> _Stored data entries_

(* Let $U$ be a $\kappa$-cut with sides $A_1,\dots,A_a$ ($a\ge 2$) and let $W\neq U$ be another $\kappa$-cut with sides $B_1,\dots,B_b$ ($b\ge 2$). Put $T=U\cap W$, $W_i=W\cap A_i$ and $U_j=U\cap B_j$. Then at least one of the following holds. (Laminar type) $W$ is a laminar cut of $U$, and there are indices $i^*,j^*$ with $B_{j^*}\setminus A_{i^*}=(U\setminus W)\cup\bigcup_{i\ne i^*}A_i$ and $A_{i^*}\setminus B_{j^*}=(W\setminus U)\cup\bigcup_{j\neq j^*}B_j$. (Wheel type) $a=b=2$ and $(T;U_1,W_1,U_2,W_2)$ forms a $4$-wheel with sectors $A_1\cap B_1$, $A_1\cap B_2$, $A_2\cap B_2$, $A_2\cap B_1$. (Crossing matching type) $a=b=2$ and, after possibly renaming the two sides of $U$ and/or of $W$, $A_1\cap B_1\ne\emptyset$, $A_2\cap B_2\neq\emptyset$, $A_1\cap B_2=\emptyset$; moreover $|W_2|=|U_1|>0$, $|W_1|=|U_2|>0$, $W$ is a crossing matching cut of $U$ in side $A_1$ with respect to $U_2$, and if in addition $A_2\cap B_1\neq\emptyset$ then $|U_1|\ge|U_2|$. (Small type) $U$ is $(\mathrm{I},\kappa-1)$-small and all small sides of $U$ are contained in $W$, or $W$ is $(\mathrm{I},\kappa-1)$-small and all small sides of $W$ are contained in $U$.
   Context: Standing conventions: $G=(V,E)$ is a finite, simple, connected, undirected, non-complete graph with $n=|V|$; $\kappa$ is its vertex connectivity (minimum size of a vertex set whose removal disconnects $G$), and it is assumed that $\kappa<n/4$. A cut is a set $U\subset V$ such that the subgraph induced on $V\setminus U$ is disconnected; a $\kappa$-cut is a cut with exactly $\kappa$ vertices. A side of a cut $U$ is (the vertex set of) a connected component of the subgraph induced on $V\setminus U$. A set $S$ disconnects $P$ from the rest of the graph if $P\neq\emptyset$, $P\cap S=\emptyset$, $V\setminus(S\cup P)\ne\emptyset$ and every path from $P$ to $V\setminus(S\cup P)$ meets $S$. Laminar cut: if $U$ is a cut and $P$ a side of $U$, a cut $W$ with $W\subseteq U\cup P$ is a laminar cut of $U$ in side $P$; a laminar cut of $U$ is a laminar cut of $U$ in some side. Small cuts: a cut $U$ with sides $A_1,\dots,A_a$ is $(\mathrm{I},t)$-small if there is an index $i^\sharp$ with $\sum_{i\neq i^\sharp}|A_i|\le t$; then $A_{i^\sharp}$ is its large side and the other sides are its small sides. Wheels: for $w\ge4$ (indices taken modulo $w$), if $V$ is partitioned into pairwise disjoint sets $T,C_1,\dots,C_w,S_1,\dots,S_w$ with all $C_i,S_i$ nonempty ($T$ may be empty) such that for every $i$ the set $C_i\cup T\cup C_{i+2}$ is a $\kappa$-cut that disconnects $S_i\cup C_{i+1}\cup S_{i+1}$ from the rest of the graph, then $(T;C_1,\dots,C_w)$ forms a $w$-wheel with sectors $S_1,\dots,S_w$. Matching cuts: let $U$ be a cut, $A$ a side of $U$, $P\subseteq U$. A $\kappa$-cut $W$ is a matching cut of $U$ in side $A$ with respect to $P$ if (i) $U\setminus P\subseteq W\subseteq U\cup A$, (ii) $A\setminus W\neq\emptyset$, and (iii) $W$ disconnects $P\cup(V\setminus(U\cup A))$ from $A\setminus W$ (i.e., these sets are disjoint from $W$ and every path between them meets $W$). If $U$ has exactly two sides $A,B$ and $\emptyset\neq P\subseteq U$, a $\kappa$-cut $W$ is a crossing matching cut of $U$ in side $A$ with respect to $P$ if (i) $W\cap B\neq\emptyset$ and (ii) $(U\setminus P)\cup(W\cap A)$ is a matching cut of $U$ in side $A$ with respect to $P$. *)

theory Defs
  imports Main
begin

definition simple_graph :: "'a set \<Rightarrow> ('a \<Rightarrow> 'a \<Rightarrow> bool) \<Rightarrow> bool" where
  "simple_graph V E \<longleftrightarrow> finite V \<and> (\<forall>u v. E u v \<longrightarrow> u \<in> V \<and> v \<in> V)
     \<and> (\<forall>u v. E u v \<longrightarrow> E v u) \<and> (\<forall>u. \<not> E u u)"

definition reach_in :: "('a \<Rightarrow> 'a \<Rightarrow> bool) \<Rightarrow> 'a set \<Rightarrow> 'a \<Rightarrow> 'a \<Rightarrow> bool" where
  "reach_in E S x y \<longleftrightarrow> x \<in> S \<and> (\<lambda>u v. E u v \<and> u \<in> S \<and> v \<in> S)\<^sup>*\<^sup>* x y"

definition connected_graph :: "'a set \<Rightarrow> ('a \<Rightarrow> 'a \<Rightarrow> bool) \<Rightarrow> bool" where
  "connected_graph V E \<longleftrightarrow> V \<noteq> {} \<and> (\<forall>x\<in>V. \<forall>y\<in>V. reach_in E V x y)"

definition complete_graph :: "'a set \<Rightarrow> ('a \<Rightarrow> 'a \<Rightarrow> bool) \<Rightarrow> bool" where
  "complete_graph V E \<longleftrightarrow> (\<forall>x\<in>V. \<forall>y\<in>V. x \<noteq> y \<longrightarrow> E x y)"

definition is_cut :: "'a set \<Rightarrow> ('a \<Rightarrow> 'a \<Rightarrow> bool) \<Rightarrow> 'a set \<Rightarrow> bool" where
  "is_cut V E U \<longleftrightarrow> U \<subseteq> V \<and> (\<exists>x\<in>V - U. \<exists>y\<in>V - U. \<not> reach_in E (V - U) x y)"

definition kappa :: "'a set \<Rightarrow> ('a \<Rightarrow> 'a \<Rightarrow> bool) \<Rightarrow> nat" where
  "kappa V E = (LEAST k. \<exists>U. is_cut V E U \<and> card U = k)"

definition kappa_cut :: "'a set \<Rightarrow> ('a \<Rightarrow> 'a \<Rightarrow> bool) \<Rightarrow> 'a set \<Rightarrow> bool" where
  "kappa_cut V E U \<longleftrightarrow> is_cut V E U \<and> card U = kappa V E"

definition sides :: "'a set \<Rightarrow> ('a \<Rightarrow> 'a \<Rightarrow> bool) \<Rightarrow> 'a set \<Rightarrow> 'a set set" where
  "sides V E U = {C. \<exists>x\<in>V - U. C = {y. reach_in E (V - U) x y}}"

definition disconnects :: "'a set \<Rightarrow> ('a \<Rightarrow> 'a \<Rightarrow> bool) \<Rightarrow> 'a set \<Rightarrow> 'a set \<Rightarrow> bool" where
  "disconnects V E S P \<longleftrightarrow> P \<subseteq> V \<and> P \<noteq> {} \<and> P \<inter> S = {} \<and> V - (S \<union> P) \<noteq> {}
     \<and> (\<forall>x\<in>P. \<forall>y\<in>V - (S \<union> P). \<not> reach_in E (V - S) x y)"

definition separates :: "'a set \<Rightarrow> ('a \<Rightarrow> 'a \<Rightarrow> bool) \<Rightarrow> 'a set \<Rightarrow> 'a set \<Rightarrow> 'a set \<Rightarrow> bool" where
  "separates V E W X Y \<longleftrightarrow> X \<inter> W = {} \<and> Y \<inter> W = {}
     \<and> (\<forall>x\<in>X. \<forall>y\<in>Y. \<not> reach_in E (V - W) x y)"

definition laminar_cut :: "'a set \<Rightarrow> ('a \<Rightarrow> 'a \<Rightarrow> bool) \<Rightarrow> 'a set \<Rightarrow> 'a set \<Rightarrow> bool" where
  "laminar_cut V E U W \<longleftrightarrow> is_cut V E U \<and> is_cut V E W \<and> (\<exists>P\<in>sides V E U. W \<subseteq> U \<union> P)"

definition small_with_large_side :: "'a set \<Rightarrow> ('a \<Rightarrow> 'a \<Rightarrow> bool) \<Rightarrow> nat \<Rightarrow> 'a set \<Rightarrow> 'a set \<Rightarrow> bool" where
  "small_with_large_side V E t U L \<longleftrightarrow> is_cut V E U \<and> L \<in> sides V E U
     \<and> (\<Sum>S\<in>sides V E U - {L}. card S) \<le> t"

> _EXERCISE INSTRUCTIONS_
Reproduce without change every line of the entries above, from the one containing "L \<in> sides V E U" through the last.

> _RESPONSE BOX_
  "small_with_large_side V E t U L \<longleftrightarrow> is_cut V E U \<and> L \<in> sides V E U
     \<and> (\<Sum>S\<in>sides V E U - {L}. card S) \<le> t"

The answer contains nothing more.